ENTRIES PROVIDED ▸
************
lemma Dn_kernel_vec_eigen:
  assumes n: "n \<ge> 4"
  shows "Dn_adj n *\<^sub>v Dn_kernel_vec n = 0 \<cdot>\<^sub>v Dn_kernel_vec n"
proof (rule eq_vecI)
  fix i assume "i < dim_vec (0 \<cdot>\<^sub>v Dn_kernel_vec n)"
  then have "i < n" by (simp add: Dn_kernel_vec_def)
  then show "(Dn_adj n *\<^sub>v Dn_kernel_vec n) $ i = (0 \<cdot>\<^sub>v Dn_kernel_vec n) $ i"
    using n by (auto simp: Dn_adj_mult_vec Dn_kernel_vec_carrier Dn_kernel_vec_def)
qed (simp add: Dn_adj_def Dn_kernel_vec_def)

lemma sin_add_add_sin_diff: "sin (b + t) + sin (b - t) = 2 * cos t * sin (b::real)"
  by (simp add: sin_add sin_diff)

lemma Dn_sine_vec_eigen:
  assumes n: "n \<ge> 4" and boundary: "cos (real (n - 1) * t) = 0"
  shows "Dn_adj n *\<^sub>v Dn_sine_vec n t = (2 * cos t) \<cdot>\<^sub>v Dn_sine_vec n t"
proof (rule eq_vecI)
  let ?s = "Dn_sine_vec n t"
  fix i assume "i < dim_vec ((2 * cos t) \<cdot>\<^sub>v ?s)"
  then have i: "i < n" by (simp add: Dn_sine_vec_def)
  have shift: "real (n - k) * t = real (n - Suc k) * t + t" if "k < n" for k
    using that by (simp add: of_nat_diff algebra_simps)
  consider "i \<le> 1" | "i = 2" | "i = n - 1" | "3 \<le> i" "i < n - 1" using i n by linarith
  then show "(Dn_adj n *\<^sub>v ?s) $ i = ((2 * cos t) \<cdot>\<^sub>v ?s) $ i"
  proof cases
    case 1
    have "real (n - 2) * t = real (n - 1) * t - t"
      using shift[of 1] n by simp
    then have "sin (real (n - 2) * t) = cos t * sin (real (n - 1) * t)"
      using boundary by (simp add: sin_diff)
    then show ?thesis
      using 1 n by (simp add: Dn_adj_mult_vec Dn_sine_vec_carrier) (simp add: Dn_sine_vec_def)
  next
    case 2
    have "real (n - 1) * t = real (n - 2) * t + t" "real (n - 3) * t = real (n - 2) * t - t"
      using shift[of 1] shift[of 2] n by simp_all
    then have "sin (real (n - 1) * t) + sin (real (n - 3) * t) = 2 * cos t * sin (real (n - 2) * t)"
      by (simp only: sin_add_add_sin_diff)
    then show ?thesis
      using 2 n by (simp add: Dn_adj_mult_vec Dn_sine_vec_carrier) (simp add: Dn_sine_vec_def)
  next
    case 3
    have "n - (n - 2) = 2" "n - (n - 1) = 1" "n - 1 \<noteq> 2" "\<not> n - 2 < 2" using n by auto
    then show ?thesis
      using 3 n by (simp add: Dn_adj_mult_vec Dn_sine_vec_carrier) (simp add: Dn_sine_vec_def sin_double)
  next
    case 4
    have "real (n - (i - 1)) * t = real (n - i) * t + t"
      and "real (n - (i + 1)) * t = real (n - i) * t - t"
      using shift[of "i - 1"] shift[of i] 4 by simp_all
    then have "sin (real (n - (i - 1)) * t) + sin (real (n - (i + 1)) * t) =
               2 * cos t * sin (real (n - i) * t)"
      by (simp only: sin_add_add_sin_diff)
    moreover have "\<not> i - 1 < 2" using 4 by simp
    ultimately show ?thesis
      using 4 n by (simp add: Dn_adj_mult_vec Dn_sine_vec_carrier) (simp add: Dn_sine_vec_def)
  qed
qed (simp add: Dn_adj_def Dn_sine_vec_def)

definition Dn_angle :: "nat \<Rightarrow> nat \<Rightarrow> real" where
  "Dn_angle n j = real (2 * j + 1) * pi / (2 * real (n - 1))"

lemma Dn_angle_bounds:
  assumes "j < n - 1"
  shows "0 < Dn_angle n j" "Dn_angle n j < pi"
proof -
  have pos: "real (n - 1) > 0" using assms by simp
  then show "0 < Dn_angle n j" unfolding Dn_angle_def by simp
  have "real (2 * j + 1) < 2 * real (n - 1)" using assms by linarith
  then have "real (2 * j + 1) * pi < 2 * real (n - 1) * pi" by simp
  then show "Dn_angle n j < pi" unfolding Dn_angle_def using pos by (simp add: divide_less_eq)
qed

lemma Dn_angle_times:
  assumes "n \<ge> 2"
  shows "real (n - 1) * Dn_angle n j = real (Suc (2 * j)) * pi / 2"
  using assms unfolding Dn_angle_def by (simp add: field_simps)

lemma cos_times_Dn_angle: "n \<ge> 2 \<Longrightarrow> cos (real (n - 1) * Dn_angle n j) = 0"
  unfolding Dn_angle_times using cos_pi_eq_zero[of j] by (simp add: mult.commute)

lemma sin_times_Dn_angle: "n \<ge> 2 \<Longrightarrow> sin (real (n - 1) * Dn_angle n j) = (-1) ^ j"
  by (simp only: Dn_angle_times sin_cos_npi)

lemma Dn_angle_eq_iff:
  assumes "n \<ge> 2"
  shows "Dn_angle n j = Dn_angle n k \<longleftrightarrow> j = k"
proof -
  have "real (n - 1) \<noteq> 0" using assms by simp
  then show ?thesis unfolding Dn_angle_def by (simp add: divide_cancel_right)
qed

lemma Dn_angle_eq_pi_half_iff:
  assumes "n \<ge> 2"
  shows "Dn_angle n j = pi / 2 \<longleftrightarrow> 2 * j + 2 = n"
proof -
  have "2 * real (n - 1) \<noteq> 0" using assms by simp
  then show ?thesis
    using assms unfolding Dn_angle_def by (auto simp: divide_eq_eq of_nat_diff)
qed

lemma inj_on_cos_Dn_angle: "inj_on (\<lambda>j. cos (Dn_angle n j)) {..<n - 1}"
proof (rule inj_onI)
  fix j k assume j: "j \<in> {..<n - 1}" and k: "k \<in> {..<n - 1}"
    and cos_eq: "cos (Dn_angle n j) = cos (Dn_angle n k)"
  have "Dn_angle n j = Dn_angle n k"
    using Dn_angle_bounds[of j n] Dn_angle_bounds[of k n] j k
    by (intro cos_inj_pi[OF _ _ _ _ cos_eq]) (simp_all add: less_imp_le)
  moreover have "n \<ge> 2" using j by simp
  ultimately show "j = k" using Dn_angle_eq_iff by blast
qed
************
TASK DIRECTIONS ▸ Make an exact copy of all the lines above.

SOLUTION TO THE PROBLEM ▸
lemma Dn_kernel_vec_eigen:
  assumes n: "n \<ge> 4"
  shows "Dn_adj n *\<^sub>v Dn_kernel_vec n = 0 \<cdot>\<^sub>v Dn_kernel_vec n"
proof (rule eq_vecI)
  fix i assume "i < dim_vec (0 \<cdot>\<^sub>v Dn_kernel_vec n)"
  then have "i < n" by (simp add: Dn_kernel_vec_def)
  then show "(Dn_adj n *\<^sub>v Dn_kernel_vec n) $ i = (0 \<cdot>\<^sub>v Dn_kernel_vec n) $ i"
    using n by (auto simp: Dn_adj_mult_vec Dn_kernel_vec_carrier Dn_kernel_vec_def)
qed (simp add: Dn_adj_def Dn_kernel_vec_def)

lemma sin_add_add_sin_diff: "sin (b + t) + sin (b - t) = 2 * cos t * sin (b::real)"
  by (simp add: sin_add sin_diff)

lemma Dn_sine_vec_eigen:
  assumes n: "n \<ge> 4" and boundary: "cos (real (n - 1) * t) = 0"
  shows "Dn_adj n *\<^sub>v Dn_sine_vec n t = (2 * cos t) \<cdot>\<^sub>v Dn_sine_vec n t"
proof (rule eq_vecI)
  let ?s = "Dn_sine_vec n t"
  fix i assume "i < dim_vec ((2 * cos t) \<cdot>\<^sub>v ?s)"
  then have i: "i < n" by (simp add: Dn_sine_vec_def)
  have shift: "real (n - k) * t = real (n - Suc k) * t + t" if "k < n" for k
    using that by (simp add: of_nat_diff algebra_simps)
  consider "i \<le> 1" | "i = 2" | "i = n - 1" | "3 \<le> i" "i < n - 1" using i n by linarith
  then show "(Dn_adj n *\<^sub>v ?s) $ i = ((2 * cos t) \<cdot>\<^sub>v ?s) $ i"
  proof cases
    case 1
    have "real (n - 2) * t = real (n - 1) * t - t"
      using shift[of 1] n by simp
    then have "sin (real (n - 2) * t) = cos t * sin (real (n - 1) * t)"
      using boundary by (simp add: sin_diff)
    then show ?thesis
      using 1 n by (simp add: Dn_adj_mult_vec Dn_sine_vec_carrier) (simp add: Dn_sine_vec_def)
  next
    case 2
    have "real (n - 1) * t = real (n - 2) * t + t" "real (n - 3) * t = real (n - 2) * t - t"
      using shift[of 1] shift[of 2] n by simp_all
    then have "sin (real (n - 1) * t) + sin (real (n - 3) * t) = 2 * cos t * sin (real (n - 2) * t)"
      by (simp only: sin_add_add_sin_diff)
    then show ?thesis
      using 2 n by (simp add: Dn_adj_mult_vec Dn_sine_vec_carrier) (simp add: Dn_sine_vec_def)
  next
    case 3
    have "n - (n - 2) = 2" "n - (n - 1) = 1" "n - 1 \<noteq> 2" "\<not> n - 2 < 2" using n by auto
    then show ?thesis
      using 3 n by (simp add: Dn_adj_mult_vec Dn_sine_vec_carrier) (simp add: Dn_sine_vec_def sin_double)
  next
    case 4
    have "real (n - (i - 1)) * t = real (n - i) * t + t"
      and "real (n - (i + 1)) * t = real (n - i) * t - t"
      using shift[of "i - 1"] shift[of i] 4 by simp_all
    then have "sin (real (n - (i - 1)) * t) + sin (real (n - (i + 1)) * t) =
               2 * cos t * sin (real (n - i) * t)"
      by (simp only: sin_add_add_sin_diff)
    moreover have "\<not> i - 1 < 2" using 4 by simp
    ultimately show ?thesis
      using 4 n by (simp add: Dn_adj_mult_vec Dn_sine_vec_carrier) (simp add: Dn_sine_vec_def)
  qed
qed (simp add: Dn_adj_def Dn_sine_vec_def)

definition Dn_angle :: "nat \<Rightarrow> nat \<Rightarrow> real" where
  "Dn_angle n j = real (2 * j + 1) * pi / (2 * real (n - 1))"

lemma Dn_angle_bounds:
  assumes "j < n - 1"
  shows "0 < Dn_angle n j" "Dn_angle n j < pi"
proof -
  have pos: "real (n - 1) > 0" using assms by simp
  then show "0 < Dn_angle n j" unfolding Dn_angle_def by simp
  have "real (2 * j + 1) < 2 * real (n - 1)" using assms by linarith
  then have "real (2 * j + 1) * pi < 2 * real (n - 1) * pi" by simp
  then show "Dn_angle n j < pi" unfolding Dn_angle_def using pos by (simp add: divide_less_eq)
qed

lemma Dn_angle_times:
  assumes "n \<ge> 2"
  shows "real (n - 1) * Dn_angle n j = real (Suc (2 * j)) * pi / 2"
  using assms unfolding Dn_angle_def by (simp add: field_simps)

lemma cos_times_Dn_angle: "n \<ge> 2 \<Longrightarrow> cos (real (n - 1) * Dn_angle n j) = 0"
  unfolding Dn_angle_times using cos_pi_eq_zero[of j] by (simp add: mult.commute)

lemma sin_times_Dn_angle: "n \<ge> 2 \<Longrightarrow> sin (real (n - 1) * Dn_angle n j) = (-1) ^ j"
  by (simp only: Dn_angle_times sin_cos_npi)

lemma Dn_angle_eq_iff:
  assumes "n \<ge> 2"
  shows "Dn_angle n j = Dn_angle n k \<longleftrightarrow> j = k"
proof -
  have "real (n - 1) \<noteq> 0" using assms by simp
  then show ?thesis unfolding Dn_angle_def by (simp add: divide_cancel_right)
qed

lemma Dn_angle_eq_pi_half_iff:
  assumes "n \<ge> 2"
  shows "Dn_angle n j = pi / 2 \<longleftrightarrow> 2 * j + 2 = n"
proof -
  have "2 * real (n - 1) \<noteq> 0" using assms by simp
  then show ?thesis
    using assms unfolding Dn_angle_def by (auto simp: divide_eq_eq of_nat_diff)
qed

lemma inj_on_cos_Dn_angle: "inj_on (\<lambda>j. cos (Dn_angle n j)) {..<n - 1}"
proof (rule inj_onI)
  fix j k assume j: "j \<in> {..<n - 1}" and k: "k \<in> {..<n - 1}"
    and cos_eq: "cos (Dn_angle n j) = cos (Dn_angle n k)"
  have "Dn_angle n j = Dn_angle n k"
    using Dn_angle_bounds[of j n] Dn_angle_bounds[of k n] j k
    by (intro cos_inj_pi[OF _ _ _ _ cos_eq]) (simp_all add: less_imp_le)
  moreover have "n \<ge> 2" using j by simp
  ultimately show "j = k" using Dn_angle_eq_iff by blast
qed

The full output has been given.